His expression turned sad and it almost looked like he would cry right then and there. I looked at him awkwardly. "I feel bad for you Clint. I know it's hard to trust after...everything that happened. But you will regret letting Jen go from your life. Mark my words"

Before I could let his words sink in, a knock on the door interrupted our conversation. Michael popped his head inside. An irritated expression on his face. "He is awake. But he is still reciting the same thing. Over and over. And.
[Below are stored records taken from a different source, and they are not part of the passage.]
(* Let $A\subset\mathbb{R}$, let $f:A\to\mathbb{R}$ be a function and let $a,L\in\mathbb{R}$. Then the following are equivalent: (i) for every real $\varepsilon>0$ there exists a real $\delta_\varepsilon>0$ such that $$\left\{x\in\left((a-\delta_{\varepsilon},a+\delta_{\varepsilon})\setminus\{a\}\right)\cap A:\ |f(x)-L|\geq\varepsilon\right\}=\varnothing;$$ (ii) for every real $\varepsilon>0$ there exists a real $\delta_\varepsilon>0$ such that the set $$\left\{x\in\left((a-\delta_{\varepsilon},a+\delta_{\varepsilon})\setminus\{a\}\right)\cap A:\ |f(x)-L|\geq\varepsilon\right\}$$ is finite. That is, $T_1\lim_{x\to a}f(x)=L$ if and only if $T_3\lim_{x\to a}f(x)=L$.
   Context: Condition (i) is the classical limit, written $T_1\lim_{x\to a}f(x)=L$; condition (ii) defines the notion written $T_3\lim_{x\to a}f(x)=L$. *)

theory Defs
  imports Complex_Main
begin

text \<open>The function f : A \<rightarrow> R is modelled as a total function real \<Rightarrow> real; only its values on A matter.\<close>
definition bad_set :: "real set \<Rightarrow> (real \<Rightarrow> real) \<Rightarrow> real \<Rightarrow> real \<Rightarrow> real \<Rightarrow> real \<Rightarrow> real set" where
  "bad_set A f a L \<epsilon> d = {x \<in> ({a - d <..< a + d} - {a}) \<inter> A. \<bar>f x - L\<bar> \<ge> \<epsilon>}"

definition T1_lim :: "real set \<Rightarrow> (real \<Rightarrow> real) \<Rightarrow> real \<Rightarrow> real \<Rightarrow> bool" where
  "T1_lim A f a L \<longleftrightarrow> (\<forall>\<epsilon>>0. \<exists>d>0. bad_set A f a L \<epsilon> d = {})"

definition T3_lim :: "real set \<Rightarrow> (real \<Rightarrow> real) \<Rightarrow> real \<Rightarrow> real \<Rightarrow> bool" where
  "T3_lim A f a L \<longleftrightarrow> (\<forall>\<epsilon>>0. \<exists>d>0. finite (bad_set A f a L \<epsilon> d))"

end

theory Submission
  imports Defs "HOL-Analysis.Elementary_Metric_Spaces"
begin

text \<open>Since a never lies in the bad set, a finite bad set keeps a positive distance from a;
  shrinking the radius below that distance empties it.\<close>

lemma bad_set_antimono:
  assumes "d' \<le> d"
  shows "bad_set A f a L \<epsilon> d' \<subseteq> bad_set A f a L \<epsilon> d"
  using assms unfolding bad_set_def by auto

lemma bad_set_empty_if_finite:
  assumes "d > 0" and "finite (bad_set A f a L \<epsilon> d)"
  shows "\<exists>d'>0. bad_set A f a L \<epsilon> d' = {}"
proof -
  obtain r where "r > 0" and r: "\<forall>x\<in>bad_set A f a L \<epsilon> d. x \<noteq> a \<longrightarrow> r \<le> dist a x"
    using finite_set_avoid[OF assms(2)] by blast
  have "x \<notin> bad_set A f a L \<epsilon> (min d r)" for x
  proof
    assume x: "x \<in> bad_set A f a L \<epsilon> (min d r)"
    then have "x \<in> bad_set A f a L \<epsilon> d"
      using bad_set_antimono[of "min d r" d A f a L \<epsilon>] by auto
    moreover have "x \<noteq> a" and "dist a x < r"
      using x by (auto simp: bad_set_def dist_real_def)
    ultimately show False
      using r by fastforce
  qed
  then show ?thesis
    using assms(1) \<open>r > 0\<close> by (intro exI[of _ "min d r"]) auto
qed

theorem theorem1:
  fixes A :: "real set" and f :: "real \<Rightarrow> real" and a L :: real
  shows "T1_lim A f a L \<longleftrightarrow> T3_lim A f a L"
  unfolding T1_lim_def T3_lim_def
  by (metis finite.emptyI bad_set_empty_if_finite)

end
I. Don't. Get. Paid. Enough" He concluded with a sigh.

"Beat him some more," Wes suggested. Michael gave him a, 'Are you kidding me look?'

"Wait. I will go talk to him in the morning. Let him be for now" I offered. Michael nodded and turned before going out of the room, "I think you made the right decision. Jen shouldn't be with you"

He went away before Wes's flying boot could hit him. "I don't get why you put up with him. He is annoying"

I chuckled softly. "You know exactly why" A saddens gripped my heart.

My heartfelt strange for a few days. And my eyes kept getting itchy at random things. Like I was some teenager having hormonal disbalance.

"What exactly are you looking for though? We caught the man behind all the drug racket and attacked Jen" Wes asked curiously.

"I don't know Wes. But I have got a feeling. That he was caught too easily"

*********

Jen's pov:

I glared at Alissa herself. Bingo! This is exactly what I needed in my life. Thank you for such warm blessings, Jesus. I gritted my jaw when she smirked.

Can I let it loose today? Can I punch her? Will it ruin my impression in media?

"What are you doing here?" I asked. The punching can wait.

"The reunion duh. Well, I didn't know we shared the same high school" Alissa said tapping her chin. Strange. It looks she genuinely spoke to me for a long time.

"You don't seem too bitchy today"

Captain, what have you done with me? I have no control over my mouth filter! I am losing my professionalism. After all, she is a model in my company and one of the reasons for our company's brand value.

She disposed of my remark with a chuckle. This is getting stranger.

"I am happy Jen. Nothing can affect me right now"

"Huh-uh. Well, would it affect you if I broke your teeth" I snapped. Lord, I need to stop!

"He did let you go right? I knew this would happen. Let me give you some advice. It's good for you. Captain has a past you will never be able to handle. It will break your heart more"

"What? What do you mean?" I was suddenly desperate for the answer.

She smiled at me sadly. "Oh, Jen...you do love him. To be honest, Ralph and Clint do not deserve you"

"Just tell me what you meant by that!" If it wasn't obvious before that I was desperate. It was now. I was holding onto her arm.

"I have known him for a while. And I know all of him. The good and bad. I deserve him" She said and untangled herself from my hands.

She walked away smiling happily, unfazed by my earlier actions. While I looked at her back in shock.